## TASK INSTRUCTIONS
Search the data below for the string "symmetric". Extract every line that contains it.
═══ DATA
(* Let $x\in\mathbb{R}^n$ and consider the linear model $\Phi(x;w)=\Phi(x;(A,b))=Ax+b$ with parameter $w=(A,b)$, $A\in\mathbb{R}^{m\times n}$, $b\in\mathbb{R}^m$, and the divergence $div(u,v)=\|u-v\|_2^2$. Let $K\ge1$, let $P_1,\dots,P_K$ be probability measures on $\mathbb{R}^n$ with finite second moments, $P_k$ supported on $\mathcal{D}_k$, and let $q_1,\dots,q_K\ge0$ with $\sum_kq_k=1$. Let $J(x)$ denote the Jacobian of $w\mapsto Ax+b$ (which depends only on $x$) and set $H_k=\int_{\mathcal{D}_k}J(x)^\top(2I_m)J(x)\,P_k(dx)$. Suppose the datasets are homogeneous, i.e. $H_1=\dots=H_K$. Then for any local parameters $w_k=(A_k,b_k)$, $k=1,\dots,K$, the weighted average $\hat w=\sum_{k=1}^Kq_kw_k$ is a minimizer of $$w\mapsto\sum_{k=1}^K q_k\int_{\mathcal{D}_k}div(\Phi(x;w_k),\Phi(x;w))\,P_k(dx).$$
   Context: Here $w_k$ are the parameters of local models trained on client datasets $\mathcal{D}_k$ with distributions $P_k$, and the minimized objective is the distillation objective whose minimizer is the global model. "Homogeneous" means the matrices $H_k$ (the Hessians of the objective's $k$-th term, $\int J^\top \partial_u^2 div\, J\,dP_k$) coincide for all clients. *)

theory Defs
  imports "HOL-Probability.Probability"
begin

text \<open>Parameters w = (A,b) with A an m x n matrix and b in R^m are flattened into
  a single real vector indexed by the finite type ('m x 'n) + 'm.\<close>

definition param_A :: "real^(('m::finite \<times> 'n::finite) + 'm) \<Rightarrow> real^'n^'m" where
  "param_A w = (\<chi> i j. w $ Inl (i, j))"

definition param_b :: "real^(('m::finite \<times> 'n::finite) + 'm) \<Rightarrow> real^'m" where
  "param_b w = (\<chi> i. w $ Inr i)"

definition param :: "real^'n^'m \<Rightarrow> real^'m \<Rightarrow> real^(('m::finite \<times> 'n::finite) + 'm)" where
  "param A b = (\<chi> p. case p of Inl (i, j) \<Rightarrow> A $ i $ j | Inr i \<Rightarrow> b $ i)"

definition Phi :: "real^'n \<Rightarrow> real^(('m::finite \<times> 'n::finite) + 'm) \<Rightarrow> real^'m" where
  "Phi x w = param_A w *v x + param_b w"

definition dvg :: "real^'m::finite \<Rightarrow> real^'m \<Rightarrow> real" where
  "dvg u v = (norm (u - v))\<^sup>2"

definition Jac :: "real^'n \<Rightarrow> real^(('m::finite \<times> 'n::finite) + 'm)^'m" where
  "Jac x = matrix (\<lambda>w. Phi x w)"

definition Hmat :: "(real^'n) measure \<Rightarrow> (real^'n) set
     \<Rightarrow> real^(('m::finite \<times> 'n::finite) + 'm)^(('m \<times> 'n) + 'm)" where
  "Hmat Pk Dk = (LINT x:Dk|Pk. transpose (Jac x) ** ((2::real) *\<^sub>R mat 1) ** Jac x)"

definition objective :: "nat \<Rightarrow> (nat \<Rightarrow> real) \<Rightarrow> (nat \<Rightarrow> (real^'n) measure) \<Rightarrow> (nat \<Rightarrow> (real^'n) set)
     \<Rightarrow> (nat \<Rightarrow> real^(('m::finite \<times> 'n::finite) + 'm)) \<Rightarrow> real^(('m \<times> 'n) + 'm) \<Rightarrow> real" where
  "objective K q P D W w = (\<Sum>k\<in>{1..K}. q k * (LINT x:D k|P k. dvg (Phi x (W k)) (Phi x w)))"

end

theory Submission
  imports Defs
begin

(* Since Phi x is linear in the parameter, the k-th term of the objective equals
   (w_k - w)^T H_k (w_k - w) / 2.  Under homogeneity all H_k equal one positive semidefinite H,
   and for weights summing to 1 the weighted sum of (w_k - w)^T H (w_k - w) is its value at the
   weighted mean w' plus (w' - w)^T H (w' - w) >= 0, because the cross terms vanish. *)

(* The parameter entry p affects only the output row param_row p, with coefficient
   Phi_coeff x p. *)

definition param_row :: "('m::finite \<times> 'n::finite) + 'm \<Rightarrow> 'm" where
  "param_row p = (case p of Inl (i, _) \<Rightarrow> i | Inr i \<Rightarrow> i)"

definition Phi_coeff :: "real^'n \<Rightarrow> ('m::finite \<times> 'n::finite) + 'm \<Rightarrow> real" where
  "Phi_coeff x p = (case p of Inl (_, j) \<Rightarrow> x $ j | Inr _ \<Rightarrow> 1)"

lemma Jac_nth:
  "(Jac x :: real^(('m::finite \<times> 'n::finite) + 'm)^'m) $ i $ p
     = (if param_row p = i then Phi_coeff x p else 0)"
  by (cases p) (auto simp: Jac_def matrix_def Phi_def param_A_def param_b_def param_row_def
      Phi_coeff_def axis_def matrix_vector_mult_def if_distrib[of "\<lambda>c. c * _"] cong: if_cong)

lemma linear_Phi: "linear (Phi x)"
  by (rule linearI) (simp_all add: Phi_def param_A_def param_b_def vec_eq_iff
      matrix_vector_mult_def algebra_simps sum.distrib sum_distrib_left)

lemma Jac_mult_vec: "Jac x *v w = Phi x w"
  by (simp add: Jac_def matrix_works linear_Phi)

lemma gram_matrix_nth:
  fixes J :: "real^'a::finite^'b::finite"
  shows "(transpose J ** (c *\<^sub>R mat 1) ** J) $ p $ q = c * (\<Sum>i\<in>UNIV. J $ i $ p * J $ i $ q)"
  by (simp add: matrix_matrix_mult_def transpose_def mat_def sum_distrib_left if_distrib mult_ac
      cong: if_cong)

lemma inner_gram_matrix:
  fixes J :: "real^'a::finite^'b::finite"
  shows "d \<bullet> ((transpose J ** (c *\<^sub>R mat 1) ** J) *v d) = c * (norm (J *v d))\<^sup>2"
proof -
  have "(transpose J ** (c *\<^sub>R mat 1) ** J) *v d = c *\<^sub>R (transpose J *v (J *v d))"
    by (simp flip: matrix_vector_mul_assoc scaleR_matrix_vector_assoc add: matrix_vector_mult_scaleR)
  moreover have "d \<bullet> (transpose J *v (J *v d)) = (J *v d) \<bullet> (J *v d)"
    by (metis dot_lmul_matrix vector_transpose_matrix)
  ultimately show ?thesis
    by (simp add: power2_norm_eq_inner)
qed

lemma Jac_gram_nth:
  "(transpose (Jac x) ** ((2::real) *\<^sub>R mat 1) ** Jac x
      :: real^(('m::finite \<times> 'n::finite) + 'm)^(('m \<times> 'n) + 'm)) $ p $ q
     = (if param_row p = param_row q then 2 * Phi_coeff x p * Phi_coeff x q else 0)"
  by (simp add: gram_matrix_nth Jac_nth if_distrib[of "\<lambda>c. c * _"] if_distrib[of "\<lambda>c. _ * c"]
      cong: if_cong)

lemma integrable_euclidean_componentwise:
  fixes f :: "'a \<Rightarrow> 'b::euclidean_space"
  assumes "\<And>b. b \<in> Basis \<Longrightarrow> integrable M (\<lambda>x. f x \<bullet> b)"
  shows "integrable M f"
proof -
  have "integrable M (\<lambda>x. \<Sum>b\<in>Basis. (f x \<bullet> b) *\<^sub>R b)"
    using assms by auto
  then show ?thesis
    by (simp add: euclidean_representation)
qed

lemma integrable_matrix_entrywise:
  fixes f :: "'a \<Rightarrow> real^'c::finite^'r::finite"
  assumes "\<And>i j. integrable M (\<lambda>x. f x $ i $ j)"
  shows "integrable M f"
  by (rule integrable_euclidean_componentwise)
     (auto simp: Basis_vec_def inner_axis cart_eq_inner_axis[symmetric] assms)

lemma abs_Phi_coeff_le: "\<bar>Phi_coeff x p\<bar> \<le> 1 + norm x"
  by (cases p) (auto simp: Phi_coeff_def intro: add_increasing component_le_norm_cart)

lemma borel_measurable_Phi_coeff: "(\<lambda>x. Phi_coeff x p) \<in> borel_measurable borel"
  by (cases p) (auto simp: Phi_coeff_def intro!: borel_measurable_continuous_onI continuous_on_component)

lemma integrable_Phi_coeff_mult:
  fixes P :: "(real^'n::finite) measure"
  assumes "finite_measure P" "sets P = sets borel" "integrable P (\<lambda>x. (norm x)\<^sup>2)"
  shows "integrable P (\<lambda>x. Phi_coeff x p * Phi_coeff x q)"
proof (rule Bochner_Integration.integrable_bound)
  interpret finite_measure P by fact
  show "integrable P (\<lambda>x. 2 + 2 * (norm x)\<^sup>2)"
    using assms(3) by auto
  show "(\<lambda>x. Phi_coeff x p * Phi_coeff x q) \<in> borel_measurable P"
    unfolding measurable_cong_sets[OF assms(2) refl]
    by (intro borel_measurable_times borel_measurable_Phi_coeff)
  have "\<bar>Phi_coeff x p * Phi_coeff x q\<bar> \<le> 2 + 2 * (norm x)\<^sup>2" for x
  proof -
    have "\<bar>Phi_coeff x p * Phi_coeff x q\<bar> \<le> (1 + norm x) * (1 + norm x)"
      unfolding abs_mult by (intro mult_mono abs_Phi_coeff_le) auto
    also have "\<dots> \<le> 2 + 2 * (norm x)\<^sup>2"
      using sum_squares_ge_zero[of "1 - norm x" 0] by (simp add: power2_eq_square algebra_simps)
    finally show ?thesis .
  qed
  then show "AE x in P. norm (Phi_coeff x p * Phi_coeff x q) \<le> norm (2 + 2 * (norm x)\<^sup>2)"
    by simp
qed

lemma set_integrable_Jac_gram:
  fixes P :: "(real^'n::finite) measure"
  assumes "finite_measure P" "sets P = sets borel" "integrable P (\<lambda>x. (norm x)\<^sup>2)"
    and "D \<in> sets borel"
  shows "set_integrable P D (\<lambda>x. transpose (Jac x) ** ((2::real) *\<^sub>R mat 1) ** Jac x
           :: real^(('m::finite \<times> 'n) + 'm)^(('m \<times> 'n) + 'm))"
  unfolding set_integrable_def
proof (rule integrable_mult_indicator)
  show "D \<in> sets P"
    using assms(2,4) by simp
  show "integrable P (\<lambda>x. transpose (Jac x) ** ((2::real) *\<^sub>R mat 1) ** Jac x
           :: real^(('m::finite \<times> 'n) + 'm)^(('m \<times> 'n) + 'm))"
  proof (rule integrable_matrix_entrywise)
    fix p q :: "('m \<times> 'n) + 'm"
    show "integrable P (\<lambda>x. (transpose (Jac x) ** ((2::real) *\<^sub>R mat 1) ** Jac x) $ p $ q)"
      using integrable_Phi_coeff_mult[OF assms(1-3)]
      by (cases "param_row p = param_row q") (simp_all add: Jac_gram_nth mult.assoc)
  qed
qed

lemma inner_set_integral_matrix:
  fixes f :: "'a \<Rightarrow> real^'c::finite^'c"
  assumes "set_integrable M A f"
  shows "d \<bullet> ((LINT x:A|M. f x) *v d) = (LINT x:A|M. d \<bullet> (f x *v d))"
proof -
  define T where "T F = d \<bullet> (F *v d)" for F :: "real^'c^'c"
  have "bounded_linear T"
    unfolding T_def
    by (intro linear_conv_bounded_linear[THEN iffD1] linearI)
       (simp_all add: matrix_vector_mult_add_rdistrib inner_add_right
         flip: scaleR_matrix_vector_assoc)
  then have "T (LINT x|M. indicator A x *\<^sub>R f x) = (LINT x|M. T (indicator A x *\<^sub>R f x))"
    using assms unfolding set_integrable_def by (rule integral_bounded_linear[symmetric])
  then show ?thesis
    by (simp add: T_def set_lebesgue_integral_def flip: scaleR_matrix_vector_assoc)
qed

lemma inner_Hmat:
  fixes P :: "(real^'n::finite) measure"
  assumes "finite_measure P" "sets P = sets borel" "integrable P (\<lambda>x. (norm x)\<^sup>2)"
    and "D \<in> sets borel"
  shows "d \<bullet> ((Hmat P D :: real^(('m::finite \<times> 'n) + 'm)^(('m \<times> 'n) + 'm)) *v d)
           = 2 * (LINT x:D|P. (norm (Phi x d))\<^sup>2)"
  unfolding Hmat_def
  by (simp add: inner_set_integral_matrix[OF set_integrable_Jac_gram[OF assms]]
      inner_gram_matrix Jac_mult_vec)

lemma inner_Hmat_nonneg:
  fixes P :: "(real^'n::finite) measure"
  assumes "finite_measure P" "sets P = sets borel" "integrable P (\<lambda>x. (norm x)\<^sup>2)"
    and "D \<in> sets borel"
  shows "0 \<le> d \<bullet> ((Hmat P D :: real^(('m::finite \<times> 'n) + 'm)^(('m \<times> 'n) + 'm)) *v d)"
  by (simp add: inner_Hmat[OF assms] set_lebesgue_integral_def)

lemma objective_eq_quadratic_form:
  fixes P :: "nat \<Rightarrow> (real^'n::finite) measure"
    and H :: "real^(('m::finite \<times> 'n) + 'm)^(('m \<times> 'n) + 'm)"
  assumes "\<And>k. k \<in> {1..K} \<Longrightarrow> finite_measure (P k)"
    and "\<And>k. k \<in> {1..K} \<Longrightarrow> sets (P k) = sets borel"
    and "\<And>k. k \<in> {1..K} \<Longrightarrow> integrable (P k) (\<lambda>x. (norm x)\<^sup>2)"
    and "\<And>k. k \<in> {1..K} \<Longrightarrow> D k \<in> sets borel"
    and "\<And>k. k \<in> {1..K} \<Longrightarrow> Hmat (P k) (D k) = H"
  shows "objective K q P D W w = (\<Sum>k\<in>{1..K}. q k * ((W k - w) \<bullet> (H *v (W k - w)))) / 2"
proof -
  have "(LINT x:D k|P k. dvg (Phi x (W k)) (Phi x w)) = (W k - w) \<bullet> (H *v (W k - w)) / 2"
    if "k \<in> {1..K}" for k
    using inner_Hmat[of "P k" "D k" "W k - w"] assms that
    by (simp add: dvg_def linear_diff[OF linear_Phi])
  then show ?thesis
    unfolding objective_def sum_divide_distrib by (intro sum.cong) auto
qed

lemma bilinear_matrix_form: "bilinear (\<lambda>u v. u \<bullet> (A *v v))"
  for A :: "real^'c::finite^'r::finite"
  unfolding bilinear_def
  by (auto intro!: linearI simp: matrix_vector_right_distrib matrix_vector_mult_scaleR
      matrix_vector_mult_add_rdistrib inner_add_left inner_add_right)

lemma sum_bilinear_recenter:
  fixes B :: "'a::real_vector \<Rightarrow> 'a \<Rightarrow> real" and W :: "'i \<Rightarrow> 'a"
  assumes B: "bilinear B" and q: "sum q S = 1"
  defines "m \<equiv> \<Sum>k\<in>S. q k *\<^sub>R W k"
  shows "(\<Sum>k\<in>S. q k * B (W k - w) (W k - w))
           = (\<Sum>k\<in>S. q k * B (W k - m) (W k - m)) + B (m - w) (m - w)"
proof -
  have centered: "(\<Sum>k\<in>S. q k *\<^sub>R (W k - m)) = 0"
    by (simp add: scaleR_diff_right sum_subtractf m_def q flip: scaleR_sum_left)
  have cross_left: "(\<Sum>k\<in>S. q k * B (W k - m) v) = 0" for v
    using linear_sum[of "\<lambda>u. B u v" "\<lambda>k. q k *\<^sub>R (W k - m)" S] B
    by (simp add: centered bilinear_lzero bilinear_lmul bilinear_def)
  have cross_right: "(\<Sum>k\<in>S. q k * B v (W k - m)) = 0" for v
    using linear_sum[of "\<lambda>u. B v u" "\<lambda>k. q k *\<^sub>R (W k - m)" S] B
    by (simp add: centered bilinear_rzero bilinear_rmul bilinear_def)
  have split: "W k - w = (W k - m) + (m - w)" for k
    by simp
  have "B (W k - w) (W k - w) = B (W k - m) (W k - m) + B (W k - m) (m - w)
          + B (m - w) (W k - m) + B (m - w) (m - w)" for k
    by (simp only: split bilinear_ladd[OF B] bilinear_radd[OF B] add.assoc)
  then show ?thesis
    by (simp add: distrib_left sum.distrib cross_left cross_right q flip: sum_distrib_right)
qed

lemma weighted_mean_minimizes_sum_bilinear:
  fixes B :: "'a::real_vector \<Rightarrow> 'a \<Rightarrow> real" and W :: "'i \<Rightarrow> 'a"
  assumes "bilinear B" "\<And>v. 0 \<le> B v v" "sum q S = 1"
  defines "m \<equiv> \<Sum>k\<in>S. q k *\<^sub>R W k"
  shows "(\<Sum>k\<in>S. q k * B (W k - m) (W k - m)) \<le> (\<Sum>k\<in>S. q k * B (W k - w) (W k - w))"
  using sum_bilinear_recenter[OF assms(1,3), of W w] assms(2)[of "m - w"] unfolding m_def by simp

theorem corollary1:
  fixes K :: nat
    and q :: "nat \<Rightarrow> real"
    and P :: "nat \<Rightarrow> (real^'n::finite) measure"
    and D :: "nat \<Rightarrow> (real^'n) set"
    and W :: "nat \<Rightarrow> real^(('m::finite \<times> 'n) + 'm)"
  assumes "K \<ge> 1"
    and "\<And>k. k \<in> {1..K} \<Longrightarrow> prob_space (P k)"
    and "\<And>k. k \<in> {1..K} \<Longrightarrow> sets (P k) = sets borel"
    and "\<And>k. k \<in> {1..K} \<Longrightarrow> integrable (P k) (\<lambda>x. (norm x)\<^sup>2)"
    and "\<And>k. k \<in> {1..K} \<Longrightarrow> D k \<in> sets borel"
    and "\<And>k. k \<in> {1..K} \<Longrightarrow> measure (P k) (D k) = 1"
    and "\<And>k. k \<in> {1..K} \<Longrightarrow> q k \<ge> 0"
    and "(\<Sum>k\<in>{1..K}. q k) = 1"
    and "\<And>k l. k \<in> {1..K} \<Longrightarrow> l \<in> {1..K} \<Longrightarrow>
           (Hmat (P k) (D k) :: real^(('m \<times> 'n) + 'm)^(('m \<times> 'n) + 'm)) = Hmat (P l) (D l)"
  shows "\<forall>w. objective K q P D W (\<Sum>k\<in>{1..K}. q k *\<^sub>R W k) \<le> objective K q P D W w"
proof
  fix w
  have one: "1 \<in> {1..K}"
    using assms(1) by simp
  define H where "H = (Hmat (P 1) (D 1) :: real^(('m \<times> 'n) + 'm)^(('m \<times> 'n) + 'm))"
  have finite: "finite_measure (P k)" if "k \<in> {1..K}" for k
    using assms(2)[OF that] by (simp add: prob_space_def)
  have psd: "0 \<le> v \<bullet> (H *v v)" for v
    unfolding H_def using one assms(3-5) by (intro inner_Hmat_nonneg finite)
  have objective_eq:
    "objective K q P D W v = (\<Sum>k\<in>{1..K}. q k * ((W k - v) \<bullet> (H *v (W k - v)))) / 2" for v
    using finite assms(3-5) assms(9)[OF _ one] unfolding H_def
    by (intro objective_eq_quadratic_form)
  show "objective K q P D W (\<Sum>k\<in>{1..K}. q k *\<^sub>R W k) \<le> objective K q P D W w"
    unfolding objective_eq
    using weighted_mean_minimizes_sum_bilinear[OF bilinear_matrix_form psd assms(8)]
    by (intro divide_right_mono) simp_all
qed

end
══════
## TASK SOLUTION
     (auto simp: Basis_vec_def inner_axis cart_eq_inner_axis[symmetric] assms)
    using assms unfolding set_integrable_def by (rule integral_bounded_linear[symmetric])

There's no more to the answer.